Protecting your business is very easy if you know the right protocol to follow. The main areas where crime is the most prevalent is Internet fraud, spam, hacking, sexual predators and data theft. Knowing the perils your business will face will allow you to put the protection you need in place before a danger becomes a reality. Because every business is different, we’ll use a figurative example. A business opens on the Internet and to save money they do nothing for their business security measures. 6 months after opening, after they have become incredibly popular, they are struck by a band of Internet thieves that have been watching their business progress. After downloading all of their data records from an unprotected server, they make exorbitant purchases using the financial details of the businesses customers. Had the business had their site hosted on a protected server, they wouldn’t have fallen victim to the hacker’s efforts to download their data. Instead the hacker would have been denied access entirely.

If there is a way to damage your business through cyber crime, there is also a way that has been created to prevent it. Meaning, for every cyber crime problem there is already a solution. Instead of listing the gargantuan amount of different crimes there are, take the initiative to research the types of crimes your business is vulnerable to. For example, a business that sells cuts of lean meat online may be vulnerable to having their shipments hijacked before they reach their destination. Crimes initiated in the cyber world can also be taken into real life scenarios. Being aware of this will help you to devise a plan that will keep your business safe in both online and offline ventures.

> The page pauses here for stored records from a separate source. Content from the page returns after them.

(* Let $L$ be a non-degenerate real quadratic form on $\mathbb R^s$ and let $v,w\in Con_L$ with $b_L(v,w)\neq0$. Then the oriented distance between the horoballs $Hb_v$ and $Hb_w$ of $\mathcal P_s(L)$ equals $2\sqrt2\,\ln|b_L(v,w)|$, i.e. $$\inf_{Q\in\mathcal P_s(L),\ Q(w)\le1}\sqrt2\,\ln Q(v)=2\sqrt2\,\ln|b_L(v,w)|.$$
   Context: $b_L$ is the symmetric bilinear form with $L(x)=b_L(x,x)$; $Con_L=\{x:L(x)=0\}$. $\mathcal P_s(L)$ is the set of positive definite quadratic forms $Q$ on $\mathbb R^s$ such that in some basis $Q$ has matrix $\mathrm{Id}_s$ and $L$ has matrix $\mathrm{diag}(1,\dots,1,-1,\dots,-1)$. For nonzero $v\in Con_L$, $f_v(Q)=\sqrt2\ln Q(v)$ is a Busemann function on $\mathcal P_s(L)$ and $Hb_v=\{Q\in\mathcal P_s(L):f_v(Q)\le0\}$; the oriented distance from $Hb_v$ to $Hb_w$ is $\inf_{Q\in Hb_w}f_v(Q)$. *)

theory Defs
  imports "HOL-Analysis.Analysis"
begin

definition qform :: "real^'n^'n \<Rightarrow> real^'n \<Rightarrow> real" where
  "qform A x = x \<bullet> (A *v x)"

definition bform :: "real^'n^'n \<Rightarrow> real^'n \<Rightarrow> real^'n \<Rightarrow> real" where
  "bform A x y = x \<bullet> (A *v y)"

definition symmetric_mat :: "real^'n^'n \<Rightarrow> bool" where
  "symmetric_mat A \<longleftrightarrow> transpose A = A"

definition nondegenerate_qf :: "real^'n^'n \<Rightarrow> bool" where
  "nondegenerate_qf L \<longleftrightarrow> symmetric_mat L \<and> det L \<noteq> 0"

definition pos_def_qf :: "real^'n^'n \<Rightarrow> bool" where
  "pos_def_qf Q \<longleftrightarrow> symmetric_mat Q \<and> (\<forall>x. x \<noteq> 0 \<longrightarrow> qform Q x > 0)"

definition Con :: "real^'n^'n \<Rightarrow> (real^'n) set" where
  "Con L = {x. qform L x = 0}"

definition Ps :: "real^'n^'n \<Rightarrow> (real^'n^'n) set" where
  "Ps L = {Q. pos_def_qf Q \<and>
     (\<exists>P::real^'n^'n. invertible P \<and> transpose P ** Q ** P = mat 1 \<and>
        (\<forall>i j. (transpose P ** L ** P) $ i $ j =
                 (if i = j then (transpose P ** L ** P) $ i $ i else 0)) \<and>
        (\<forall>i. (transpose P ** L ** P) $ i $ i \<in> {1, -1}))}"

definition busemann :: "real^'n \<Rightarrow> real^'n^'n \<Rightarrow> real" where
  "busemann v Q = sqrt 2 * ln (qform Q v)"

definition horoball :: "real^'n^'n \<Rightarrow> real^'n \<Rightarrow> (real^'n^'n) set" where
  "horoball L v = {Q \<in> Ps L. busemann v Q \<le> 0}"

definition oriented_dist :: "real^'n^'n \<Rightarrow> real^'n \<Rightarrow> real^'n \<Rightarrow> real" where
  "oriented_dist L v w = (INF Q\<in>horoball L w. busemann v Q)"

end

theory Submission
  imports Defs
begin

text \<open>Take Q in P_s(L) and a basis that is Q-orthonormal and diagonalises L with signs. In its
  coordinates b_L(v,w) is the standard inner product of v with w with some coordinates negated, so
  Cauchy-Schwarz gives b_L(v,w)^2 \<le> Q(v) Q(w), which is at most Q(v) on the horoball Q(w) \<le> 1.
  The bound is attained: for u = v / b_L(v,w) the vectors (u + w)/sqrt 2 and (u - w)/sqrt 2 are
  L-orthogonal with L-values 1 and -1; extending them to a basis in which L is diagonal with signs
  and letting Q be the form for which this basis is orthonormal gives Q(w) = 1 and
  Q(v) = b_L(v,w)^2.\<close>

lemma qform_bform: "qform L x = bform L x x"
  by (simp add: qform_def bform_def)

lemma bform_sym:
  assumes "symmetric_mat L"
  shows "bform L x y = bform L y x"
proof -
  have "bform L x y = (x v* L) \<bullet> y"
    by (simp add: bform_def dot_lmul_matrix)
  also have "\<dots> = (transpose L *v x) \<bullet> y"
    by simp
  also have "\<dots> = bform L y x"
    using assms by (simp add: bform_def symmetric_mat_def inner_commute)
  finally show ?thesis .
qed

lemma bform_add_left: "bform L (x + y) z = bform L x z + bform L y z"
  by (simp add: bform_def inner_add_left)

lemma bform_add_right: "bform L z (x + y) = bform L z x + bform L z y"
  by (simp add: bform_def matrix_vector_right_distrib inner_add_right)

lemma bform_diff_left: "bform L (x - y) z = bform L x z - bform L y z"
  by (simp add: bform_def inner_diff_left)

lemma bform_diff_right: "bform L z (x - y) = bform L z x - bform L z y"
  by (simp add: bform_def matrix_vector_mult_diff_distrib inner_diff_right)

lemma bform_scaleR_left: "bform L (c *\<^sub>R x) z = c * bform L x z"
  by (simp add: bform_def)

lemma bform_scaleR_right: "bform L z (c *\<^sub>R x) = c * bform L z x"
  by (simp add: bform_def matrix_vector_mult_scaleR)

lemma bform_zero_left [simp]: "bform L 0 z = 0"
  by (simp add: bform_def)

lemma bform_zero_right [simp]: "bform L z 0 = 0"
  by (simp add: bform_def)

lemma bform_sum_left: "bform L (sum f S) z = (\<Sum>x\<in>S. bform L (f x) z)"
  by (simp add: bform_def inner_sum_left)

lemmas bform_linear = bform_add_left bform_add_right bform_diff_left bform_diff_right
  bform_scaleR_left bform_scaleR_right

lemma bform_change_basis: "bform Q (P *v a) (P *v b) = a \<bullet> ((transpose P ** Q ** P) *v b)"
proof -
  have "bform Q (P *v a) (P *v b) = (P *v a) \<bullet> ((Q ** P) *v b)"
    by (simp add: bform_def matrix_vector_mul_assoc)
  also have "\<dots> = a \<bullet> (transpose P *v ((Q ** P) *v b))"
    by (metis dot_lmul_matrix transpose_matrix_vector transpose_transpose)
  finally show ?thesis
    by (simp add: matrix_vector_mul_assoc matrix_mul_assoc)
qed

definition nondegenerate_on :: "real^'n^'n \<Rightarrow> (real^'n) set \<Rightarrow> bool" where
  "nondegenerate_on L S \<longleftrightarrow> (\<forall>y\<in>S. (\<forall>z\<in>S. bform L y z = 0) \<longrightarrow> y = 0)"

definition pseudo_orthonormal :: "real^'n^'n \<Rightarrow> (real^'n) set \<Rightarrow> bool" where
  "pseudo_orthonormal L B \<longleftrightarrow>
     (\<forall>x\<in>B. \<forall>y\<in>B. x \<noteq> y \<longrightarrow> bform L x y = 0) \<and> (\<forall>x\<in>B. qform L x \<in> {1, -1})"

lemma nondegenerate_on_UNIV:
  assumes "nondegenerate_qf L"
  shows "nondegenerate_on L UNIV"
  unfolding nondegenerate_on_def
proof (intro ballI impI)
  fix y assume "\<forall>z\<in>UNIV. bform L y z = 0"
  then have "bform L (L *v y) y = 0"
    using bform_sym assms by (metis UNIV_I nondegenerate_qf_def)
  then have "L *v y = 0"
    by (simp add: bform_def)
  moreover obtain L' where "L' ** L = mat 1"
    using assms invertible_det_nz invertible_def by (metis nondegenerate_qf_def)
  ultimately show "y = 0"
    by (metis matrix_vector_mul_assoc matrix_vector_mul_lid matrix_vector_mult_0_right)
qed

lemma nondegenerate_on_exists_unit:
  assumes "symmetric_mat L" "subspace S" "nondegenerate_on L S" "S \<noteq> {0}"
  shows "\<exists>x\<in>S. qform L x \<in> {1, -1}"
proof -
  have "\<exists>x\<in>S. qform L x \<noteq> 0"
  proof (rule ccontr)
    assume isotropic: "\<not> (\<exists>x\<in>S. qform L x \<noteq> 0)"
    obtain y where "y \<in> S" "y \<noteq> 0"
      using assms(2,4) subspace_0 by blast
    with assms(3) obtain z where z: "z \<in> S" "bform L y z \<noteq> 0"
      unfolding nondegenerate_on_def by blast
    have "qform L (y + z) = qform L y + 2 * bform L y z + qform L z"
      using bform_sym[OF assms(1), of z y] by (simp add: qform_bform bform_linear)
    then show False
      using isotropic z \<open>y \<in> S\<close> assms(2) subspace_add by fastforce
  qed
  then obtain x where x: "x \<in> S" "qform L x \<noteq> 0"
    by blast
  define c where "c = 1 / sqrt \<bar>qform L x\<bar>"
  have "qform L (c *\<^sub>R x) = qform L x / \<bar>qform L x\<bar>"
    by (simp add: c_def qform_bform bform_linear power2_eq_square[symmetric])
  then have "qform L (c *\<^sub>R x) \<in> {1, -1}"
    using x(2) by (auto simp: abs_if)
  then show ?thesis
    using x(1) assms(2) subspace_scale by blast
qed

lemma orth_projection_orth:
  assumes "qform L x \<noteq> 0"
  shows "bform L (t - (bform L t x / qform L x) *\<^sub>R x) x = 0"
  using assms by (simp add: bform_linear qform_bform)

lemma orth_projection_mem:
  assumes "subspace S" "x \<in> S" "t \<in> S" "qform L x \<noteq> 0"
  shows "t - (bform L t x / qform L x) *\<^sub>R x \<in> {u \<in> S. bform L u x = 0}"
  using assms orth_projection_orth[OF assms(4)] by (simp add: subspace_diff subspace_scale)

lemma subspace_orth_within:
  assumes "subspace S"
  shows "subspace {u \<in> S. bform L u x = 0}"
  using assms unfolding subspace_def by (auto simp: bform_linear)

lemma nondegenerate_on_orth_within:
  assumes "symmetric_mat L" "subspace S" "nondegenerate_on L S" "x \<in> S" "qform L x \<noteq> 0"
  shows "nondegenerate_on L {u \<in> S. bform L u x = 0}"
  unfolding nondegenerate_on_def
proof (intro ballI impI)
  fix u assume u: "u \<in> {u \<in> S. bform L u x = 0}"
    and orth: "\<forall>t\<in>{u \<in> S. bform L u x = 0}. bform L u t = 0"
  have "bform L u t = 0" if "t \<in> S" for t
  proof -
    have "bform L u (t - (bform L t x / qform L x) *\<^sub>R x) = 0"
      using orth orth_projection_mem[OF assms(2,4) that assms(5)] by blast
    moreover have "bform L u x = 0"
      using u by simp
    ultimately show ?thesis
      by (simp add: bform_linear)
  qed
  then show "u = 0"
    using assms(3) u unfolding nondegenerate_on_def by blast
qed

lemma span_insert_orth_within:
  assumes "subspace S" "x \<in> S" "qform L x \<noteq> 0" "{u \<in> S. bform L u x = 0} \<subseteq> span B"
  shows "S \<subseteq> span (insert x B)"
proof
  fix t assume "t \<in> S"
  define c where "c = bform L t x / qform L x"
  have "t - c *\<^sub>R x \<in> span (insert x B)"
    using orth_projection_mem[OF assms(1,2) \<open>t \<in> S\<close> assms(3)] assms(4)
      span_mono[of B "insert x B"] unfolding c_def by blast
  moreover have "c *\<^sub>R x \<in> span (insert x B)"
    by (simp add: span_base span_scale)
  ultimately have "(t - c *\<^sub>R x) + c *\<^sub>R x \<in> span (insert x B)"
    by (rule span_add)
  then show "t \<in> span (insert x B)"
    by simp
qed

lemma pseudo_orthonormal_insert:
  assumes "symmetric_mat L" "pseudo_orthonormal L B" "qform L x \<in> {1, -1}"
    "\<forall>b\<in>B. bform L b x = 0"
  shows "pseudo_orthonormal L (insert x B)"
  using assms bform_sym[OF assms(1)] unfolding pseudo_orthonormal_def by (metis insert_iff)

text \<open>Taking x from C when C is nonempty makes it L-orthogonal to the rest of C, so that C
  survives when x is split off.\<close>

lemma pseudo_orthonormal_next_vector:
  assumes "symmetric_mat L" "subspace S" "nondegenerate_on L S" "S \<noteq> {0}"
    and "C \<subseteq> S" "pseudo_orthonormal L C"
  obtains x where "x \<in> S" "qform L x \<in> {1, -1}" "\<forall>c\<in>C - {x}. bform L c x = 0"
proof (cases "C = {}")
  case True
  then show ?thesis
    using that nondegenerate_on_exists_unit[OF assms(1-4)] by blast
next
  case False
  then obtain x where "x \<in> C"
    by blast
  then show ?thesis
    using that assms(5,6) unfolding pseudo_orthonormal_def by blast
qed
(* Let $n\ge1$, $N,M\ge1$. Users have opinions $u_i^t\in[-1,1]^n$ ($i=1,\dots,N$) and creators have opinions $c_j^t\in[-1,1]^n$ ($j=1,\dots,M$). Assume the social adjacency matrix $A$ is diagonal, with $A_{ii}\in(0,1]$, and that creators are fully stubborn, $\Gamma=I_M$, so that $c_j^t=c_j^0=:c_j$ for all $t$. Let the recommender be greedy: at each time $t$, user $i$ consumes the content of creator $j(i,t)\in\arg\min_{j}\|c_j^t-u_i^t\|_2$, and the user opinions evolve as $$u_i^{t+1}=(1-\lambda_i)\big(A_{ii}\,u_i^t+(1-A_{ii})\,c_{j(i,t)}\big)+\lambda_i\,u_i^0,$$ with stubbornness $\lambda_i\in(0,1]$. Then the induced user partition $\mathcal F^t_1,\dots,\mathcal F^t_M$, where $\mathcal F^t_j=\{i: j(i,t)=j\}$, is static (i.e. $\mathcal F^t_j=\mathcal F^0_j$ for all $t$ and $j$), and each user's opinion converges to a steady state $u_i^*\in\mathbb R^n$. Moreover, for every user $i\in\mathcal F_j$, the distance $\|u_i^t-c_j\|_2$ decreases monotonically in time, i.e. $\|u_i^{t+1}-c_j\|_2\le\|u_i^t-c_j\|_2$ for all $t\ge0$.
   Context: This is the multi-topic Friedkin–Johnsen user–creator dynamics specialized to a diagonal social influence matrix $A$ (no user–user interaction) and fully stubborn creators. In the general model, $u^{t+1}_i=(1-\lambda_i)\big(\sum_k A_{ik}u_k^t+\sum_j B^t_{ij}c_j^t\big)+\lambda_i u_i^0$ where $B^t_{ij}\neq0$ only for the creator $j$ consumed by user $i$ at time $t$ and $\sum_kA_{ik}+\sum_jB^t_{ij}=1$; with $A$ diagonal this gives $B^t_{i,j(i,t)}=1-A_{ii}$. The greedy recommender gives each user the single creator closest (in Euclidean norm) to the user's current opinion; ties in the argmin are broken by a fixed deterministic rule (e.g. smallest index). *)

theory Defs
  imports "HOL-Analysis.Analysis"
begin

definition greedy :: "(nat \<Rightarrow> real^'n) \<Rightarrow> nat \<Rightarrow> real^'n \<Rightarrow> nat" where
  "greedy c M x = (LEAST j. j < M \<and> (\<forall>k<M. norm (c j - x) \<le> norm (c k - x)))"

text \<open>Opinion trajectory of a single user with diagonal influence entry a = A_ii,
  stubbornness l = lambda_i, initial opinion x0, facing fully stubborn creators c.
  With A diagonal, B^t_{i,j(i,t)} = 1 - A_ii.\<close>
primrec user_traj :: "(nat \<Rightarrow> real^'n) \<Rightarrow> nat \<Rightarrow> real \<Rightarrow> real \<Rightarrow> real^'n \<Rightarrow> nat \<Rightarrow> real^'n" where
  "user_traj c M a l x0 0 = x0"
| "user_traj c M a l x0 (Suc t) =
     (1 - l) *\<^sub>R (a *\<^sub>R user_traj c M a l x0 t
                     + (1 - a) *\<^sub>R c (greedy c M (user_traj c M a l x0 t)))
     + l *\<^sub>R x0"

end

theory Submission
  imports Defs
begin

text \<open>Along the segment from the nearest creator \<open>c\<^sub>j\<close> to the user's opinion \<open>x\<close>, the distance
  to \<open>c\<^sub>j\<close> shrinks exactly as fast as the user moves, while the distance to any other creator
  shrinks at most that fast; so \<open>c\<^sub>j\<close> stays the greedy choice on the whole segment. Each update
  is a convex combination of the current opinion, \<open>c\<^sub>j\<close> and the initial opinion, hence keeps
  the user on the segment from \<open>c\<^sub>j\<close> to the initial opinion, with a weight on the initial
  opinion that obeys a monotone affine recurrence starting at \<open>1\<close>. That weight decreases
  to a limit, which yields both the convergence and the monotone approach to \<open>c\<^sub>j\<close>.\<close>

lemma greedy_nearest:
  assumes "0 < M"
  shows "greedy c M x < M"
    and "k < M \<Longrightarrow> norm (c (greedy c M x) - x) \<le> norm (c k - x)"
    and "k < greedy c M x \<Longrightarrow> norm (c (greedy c M x) - x) < norm (c k - x)"
proof -
  let ?P = "\<lambda>j. j < M \<and> (\<forall>k<M. norm (c j - x) \<le> norm (c k - x))"
  obtain j where "is_arg_min (\<lambda>k. norm (c k - x)) (\<lambda>k. k \<in> {..<M}) j"
    using ex_is_arg_min_if_finite[of "{..<M}"] assms by auto
  then have "?P j"
    by (auto simp: is_arg_min_linorder)
  then have "?P (greedy c M x)"
    unfolding greedy_def by (rule LeastI)
  then show "greedy c M x < M" and "k < M \<Longrightarrow> norm (c (greedy c M x) - x) \<le> norm (c k - x)"
    by auto
  assume "k < greedy c M x"
  then have "\<not> ?P k"
    unfolding greedy_def by (rule not_less_Least)
  with \<open>?P (greedy c M x)\<close> \<open>k < greedy c M x\<close> show "norm (c (greedy c M x) - x) < norm (c k - x)"
    by force
qed

lemma greedy_eqI:
  assumes "j < M"
    and "\<And>k. k < M \<Longrightarrow> norm (c j - x) \<le> norm (c k - x)"
    and "\<And>k. k < j \<Longrightarrow> norm (c j - x) < norm (c k - x)"
  shows "greedy c M x = j"
  unfolding greedy_def
proof (rule Least_equality)
  show "j < M \<and> (\<forall>k<M. norm (c j - x) \<le> norm (c k - x))"
    using assms(1,2) by blast
next
  fix k
  assume "k < M \<and> (\<forall>k'<M. norm (c k - x) \<le> norm (c k' - x))"
  then show "j \<le> k"
    using assms(1,3) by (meson leD leI)
qed

lemma dist_diff_le_closed_segment:
  fixes x :: "'a::euclidean_space"
  assumes "y \<in> closed_segment p x"
  shows "dist q x - dist p x \<le> dist q y - dist p y"
proof -
  have "dist p x = dist p y + dist y x"
    using assms between[of p x y] by (simp add: between_mem_segment)
  moreover have "dist q x \<le> dist q y + dist y x"
    by (rule dist_triangle)
  ultimately show ?thesis
    by linarith
qed

lemma greedy_closed_segment:
  assumes "0 < M" and "y \<in> closed_segment (c (greedy c M x)) x"
  shows "greedy c M y = greedy c M x"
proof -
  let ?j = "greedy c M x"
  have gap: "norm (c k - x) - norm (c ?j - x) \<le> norm (c k - y) - norm (c ?j - y)" for k
    using dist_diff_le_closed_segment[OF assms(2), of "c k"] by (simp add: dist_norm)
  show ?thesis
  proof (rule greedy_eqI)
    show "?j < M"
      using greedy_nearest(1)[OF assms(1)] .
    show "norm (c ?j - y) \<le> norm (c k - y)" if "k < M" for k
      using greedy_nearest(2)[OF assms(1) that, of c x] gap[of k] by linarith
    show "norm (c ?j - y) < norm (c k - y)" if "k < ?j" for k
      using greedy_nearest(3)[OF assms(1) that] gap[of k] by linarith
  qed
qed

text \<open>While the user keeps consuming creator \<open>c\<^sub>j\<close>, the update rule maps
  \<open>(1 - w) c\<^sub>j + w x\<^sub>0\<close> to \<open>(1 - w') c\<^sub>j + w' x\<^sub>0\<close> with \<open>w' = (1 - l) a w + l\<close>.\<close>

primrec init_weight :: "real \<Rightarrow> real \<Rightarrow> nat \<Rightarrow> real" where
  "init_weight a l 0 = 1"
| "init_weight a l (Suc t) = (1 - l) * a * init_weight a l t + l"

lemma init_weight_nonneg:
  assumes "0 \<le> a" and "l \<le> 1" and "0 \<le> l"
  shows "0 \<le> init_weight a l t"
  using assms by (induction t) auto

lemma init_weight_Suc_le:
  assumes "0 \<le> a" "a \<le> 1" "0 \<le> l" "l \<le> 1"
  shows "init_weight a l (Suc t) \<le> init_weight a l t"
proof (induction t)
  case 0
  have "(1 - l) * a \<le> 1 - l"
    using assms by (simp add: mult_left_le)
  then show ?case
    by simp
next
  case (Suc t)
  then show ?case
    using assms by (simp add: mult_left_mono)
qed

lemma decseq_init_weight:
  assumes "0 \<le> a" "a \<le> 1" "0 \<le> l" "l \<le> 1"
  shows "decseq (init_weight a l)"
  using init_weight_Suc_le[OF assms] by (rule decseq_SucI)

lemma init_weight_le_one:
  assumes "0 \<le> a" "a \<le> 1" "0 \<le> l" "l \<le> 1"
  shows "init_weight a l t \<le> 1"
  using decseq_init_weight[OF assms] by (metis decseqD init_weight.simps(1) zero_le)

lemma convergent_init_weight:
  assumes "0 \<le> a" "a \<le> 1" "0 \<le> l" "l \<le> 1"
  shows "convergent (init_weight a l)"
proof (rule decseq_convergent[OF decseq_init_weight[OF assms]])
  show "\<forall>t. 0 \<le> init_weight a l t"
    using assms init_weight_nonneg by blast
qed (auto simp: convergent_def)

lemma user_traj_eq:
  assumes "0 < M" "0 \<le> a" "a \<le> 1" "0 \<le> l" "l \<le> 1"
  shows "user_traj c M a l x0 t
    = (1 - init_weight a l t) *\<^sub>R c (greedy c M x0) + init_weight a l t *\<^sub>R x0"
    and "greedy c M (user_traj c M a l x0 t) = greedy c M x0"
proof -
  let ?j = "greedy c M x0"
  have on_segment: "greedy c M ((1 - init_weight a l t) *\<^sub>R c ?j + init_weight a l t *\<^sub>R x0) = ?j"
    for t
  proof (rule greedy_closed_segment[OF \<open>0 < M\<close>])
    show "(1 - init_weight a l t) *\<^sub>R c ?j + init_weight a l t *\<^sub>R x0 \<in> closed_segment (c ?j) x0"
      using init_weight_nonneg[of a l t] init_weight_le_one[of a l t] assms
      by (auto simp: closed_segment_def)
  qed
  show eq: "user_traj c M a l x0 t = (1 - init_weight a l t) *\<^sub>R c ?j + init_weight a l t *\<^sub>R x0"
  proof (induction t)
    case 0
    then show ?case
      by simp
  next
    case (Suc t)
    then have "greedy c M (user_traj c M a l x0 t) = ?j"
      using on_segment[of t] by simp
    with Suc show ?case
      by (simp only: user_traj.simps) (simp add: algebra_simps)
  qed
  show "greedy c M (user_traj c M a l x0 t) = ?j"
    unfolding eq by (rule on_segment)
qed

lemma norm_user_traj_diff_greedy:
  assumes "0 < M" "0 \<le> a" "a \<le> 1" "0 \<le> l" "l \<le> 1"
  shows "norm (user_traj c M a l x0 t - c (greedy c M x0))
    = init_weight a l t * norm (x0 - c (greedy c M x0))"
proof -
  have "user_traj c M a l x0 t - c (greedy c M x0) = init_weight a l t *\<^sub>R (x0 - c (greedy c M x0))"
    by (simp add: user_traj_eq(1)[OF assms] algebra_simps)
  then show ?thesis
    using init_weight_nonneg[of a l t] assms by simp
qed

lemma norm_user_traj_Suc_le:
  assumes "0 < M" "0 \<le> a" "a \<le> 1" "0 \<le> l" "l \<le> 1"
  shows "norm (user_traj c M a l x0 (Suc t) - c (greedy c M x0))
    \<le> norm (user_traj c M a l x0 t - c (greedy c M x0))"
  unfolding norm_user_traj_diff_greedy[OF assms]
  using init_weight_Suc_le[OF assms(2-)] by (simp add: mult_right_mono)

lemma convergent_user_traj:
  assumes "0 < M" "0 \<le> a" "a \<le> 1" "0 \<le> l" "l \<le> 1"
  shows "convergent (user_traj c M a l x0)"
proof -
  obtain w where "init_weight a l \<longlonglongrightarrow> w"
    using convergent_init_weight[OF assms(2-)] by (auto simp: convergent_def)
  then have "(\<lambda>t. (1 - init_weight a l t) *\<^sub>R c (greedy c M x0) + init_weight a l t *\<^sub>R x0)
      \<longlonglongrightarrow> (1 - w) *\<^sub>R c (greedy c M x0) + w *\<^sub>R x0"
    by (intro tendsto_intros)
  moreover have "user_traj c M a l x0
      = (\<lambda>t. (1 - init_weight a l t) *\<^sub>R c (greedy c M x0) + init_weight a l t *\<^sub>R x0)"
    using user_traj_eq(1)[OF assms] by blast
  ultimately show ?thesis
    by (auto simp: convergent_def)
qed

theorem lemma1:
  fixes N M :: nat
    and u0 c :: "nat \<Rightarrow> real^'n"
    and A lam :: "nat \<Rightarrow> real"
  assumes "N \<ge> 1" and "M \<ge> 1"
    and "\<forall>i<N. \<forall>k. u0 i $ k \<in> {-1..1}"
    and "\<forall>j<M. \<forall>k. c j $ k \<in> {-1..1}"
    and "\<forall>i<N. 0 < A i \<and> A i \<le> 1"
    and "\<forall>i<N. 0 < lam i \<and> lam i \<le> 1"
  defines "u \<equiv> (\<lambda>i t. user_traj c M (A i) (lam i) (u0 i) t)"
    and "F \<equiv> (\<lambda>t j. {i. i < N \<and> greedy c M (user_traj c M (A i) (lam i) (u0 i) t) = j})"
  shows "(\<forall>t. \<forall>j<M. F t j = F 0 j)
         \<and> (\<forall>i<N. \<exists>ustar. (\<lambda>t. u i t) \<longlonglongrightarrow> ustar)
         \<and> (\<forall>j<M. \<forall>i\<in>F 0 j. \<forall>t. norm (u i (Suc t) - c j) \<le> norm (u i t - c j))"
proof -
  have params: "0 < M" "0 \<le> A i" "A i \<le> 1" "0 \<le> lam i" "lam i \<le> 1" if "i < N" for i
    using assms(2,5,6) that by auto
  have "greedy c M (u i t) = greedy c M (u0 i)" if "i < N" for i t
    unfolding u_def using user_traj_eq(2)[OF params[OF that]] .
  then have "F t j = F 0 j" for t j
    by (auto simp: F_def u_def)
  moreover have "\<exists>ustar. (\<lambda>t. u i t) \<longlonglongrightarrow> ustar" if "i < N" for i
    using convergent_user_traj[OF params[OF that]] by (simp add: u_def convergent_def)
  moreover have "norm (u i (Suc t) - c j) \<le> norm (u i t - c j)" if "i \<in> F 0 j" for i j t
    using that norm_user_traj_Suc_le[OF params] by (auto simp: u_def F_def)
  ultimately show ?thesis
    by blast
qed

end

You may not think it will happen to you but that is exactly what cyber thieves count on. Many people make no efforts to protect their business from things they can’t see. It’s this kind of twisted logic that allows cyber crime to be so prevalent. Do some thorough research and get a team of people together to discuss the risks your business is subjected to and the many ways you could become a victim of these crimes. Online crime follows a Web of possibility, action and reaction, just like the links people follow. Trying to imagine a sequence of events that could ruin your business will put you one step ahead of the game when it comes time to protect your business.

-   Have a formal process in place to update software, firewalls and anti-virus programmes regularly and promptly.
-   Safeguard mobile devices that hold sensitive personal data.  Encryption is a key tool to do this.
-   Safeguard personal information within the workplace, segregating pay information and personal details on a separate part of the network and restricting access to staff on a “least privilege” need to know basis.
-   Develop a firm set of operational and procedural guidelines to support security policies and standards that must be followed to maintain security.
-   Implement regular staff training on security procedures and employ rigorous staff vetting when hiring.
-   Make sure you have a crisis management plan in place which has been rehearsed and can be executed as soon as you detect a potential security breach.
-   The first 24 hours of a security breach is critical:  implement the crisis plan immediately.  Time is of the essence, particularly if regulatory reporting is required.
-   Having insurance in place is a big bonus for companies involved in a security breach.  In addition to covering many of the major costs, insurers have many of the resources to advise a company on what they need to do, as well as expert contacts to handle the situation expediently.